Que d’éloges vous préparent, Messieurs, des espérances si brillantes ! Notre tendresse va les chercher déjà dans l’avenir, et nous hâtons les temps, comme si nous pouvions hâter notre bonheur.

Qu’il croise sous les soins infatigables du Prince glorieux, dépositaire de son autorité.
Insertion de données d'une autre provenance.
lemma partition_indep_imp_unique_expansion:
  assumes P: "is_partition P U" and IndP: "Ind = partition_indep P"
  shows "unique_expansion Ind"
  unfolding unique_expansion_def
proof (intro ballI impI)
  fix B A e1 e2
  assume B: "B \<in> bases Ind" and A: "A \<in> sfam Ind" and e: "e1 \<in> B" "e2 \<in> B"
    and ins: "insert e1 A \<in> bases Ind \<and> insert e2 A \<in> bases Ind"
  have fA: "finite A" using A finite_indep unfolding sfam_def by blast
  have I1: "insert e1 A \<in> Ind" "card (insert e1 A) = mrank Ind"
    and I2: "insert e2 A \<in> Ind"
    using ins bases_iff by auto
  obtain D1 where D1: "D1 \<in> P" "e1 \<in> D1" "A \<inter> D1 = {}"
    using partition_indep_insert_block[of e1 A P] I1(1) IndP fA
      insert_base_sfam_notin[OF A conjunct1[OF ins]] by blast
  have e2A: "e2 \<notin> A" using insert_base_sfam_notin[OF A conjunct2[OF ins]] .
  obtain D2 where D2: "D2 \<in> P" "e2 \<in> D2" "A \<inter> D2 = {}"
    using partition_indep_insert_block[of e2 A P] I2 IndP fA e2A by blast
  have "e2 \<in> D1"
  proof (rule ccontr)
    assume e2D1: "e2 \<notin> D1"
    then have "D1 \<inter> D2 = {}" using P D1(1) D2 unfolding is_partition_def by blast
    then have "insert e1 A \<inter> D2 = {}" using D1(2) D2(3) by blast
    then have "insert e2 (insert e1 A) \<in> Ind"
      using partition_indep_insert[OF P _ _ D2(1,2)] I1(1) fA IndP by simp
    moreover have "e2 \<notin> insert e1 A" using e2A e2D1 D1(2) by blast
    then have "card (insert e2 (insert e1 A)) = Suc (mrank Ind)"
      using I1(2) fA by simp
    ultimately show False using card_indep_le_mrank by fastforce
  qed
  have "B \<in> Ind" "finite B" using B finite_indep unfolding bases_iff by auto
  then have "\<forall>x\<in>B \<inter> D1. \<forall>y\<in>B \<inter> D1. x = y"
    using D1(1) by (simp add: IndP partition_indep_iff)
  then show "e1 = e2" using e D1(2) \<open>e2 \<in> D1\<close> by blast
qed

end

theorem theorem7:
  fixes E :: "'a set" and Ind :: "'a set set"
  assumes "matroid E Ind" and "mrank Ind > 0"
  shows "unique_expansion Ind \<longleftrightarrow> unique_partition E Ind"
proof -
  interpret matroid_on E Ind by (rule matroid_on.intro) (rule assms(1))
  show ?thesis
  proof
    assume "unique_expansion Ind"
    then show "unique_partition E Ind" by (rule unique_expansion_imp_unique_partition)
  next
    assume "unique_partition E Ind"
    then obtain P where "is_partition P (\<Union>P)" "Ind = partition_indep P"
      unfolding unique_partition_def partition_indep_def by blast
    then show "unique_expansion Ind" by (rule partition_indep_imp_unique_expansion)
  qed
qed

end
La minorité de nos Rois avoit armé jusqu’ici contre nous, les nations jalouses de notre gloire ; la valeur du Prince qui nous régit les arrête ; la supériorité de ses lumières les éclaire ; sa bonne-foi les rassure ; les charmes de sa douceur et de son affabilité nous les concilient ; leurs cœurs en l’approchant deviennent François ; c’est un hommage d’amour que tous les hommes doivent à la bonté.

Et quel Prince le mérita jamais plus justement ! Bienfaisant par goût, il ne paroît déplacé que lorsqu’il faut être sévère ; les refus semblent lui coûter bien plus que les graces, et l’ingratitude même n’a jamais pu le corriger de sa bonté ; accessible à tous, toujours gracieux, lors même qu’il ne lui est pas permis d’être libéral ; son accueil tout seul tient lieu du bienfait même qu’il refuse.

Il sait que la fierté a toujours été la foible ressource et la vaine décoration de la médiocrité ; qu’il n’appartient qu’aux héros et aux génies sublimes de savoir être simples et humains, et que plus on est grand, plus on néglige l’art et l’affectation de le paroître.

Voilà, Messieurs, des objets dignes des Muses et de vous. Heureux, si n’étant pas capable de partager avec vous la gloire de vos travaux, je pouvois du moins en être ici le témoin et l’admirateur, et si, appelé ailleurs par le devoir, le regret de ne pouvoir jouir long-temps de l’honneur que vous me faites, n’égaloît le plaisir que je sens de l’avoir reçu.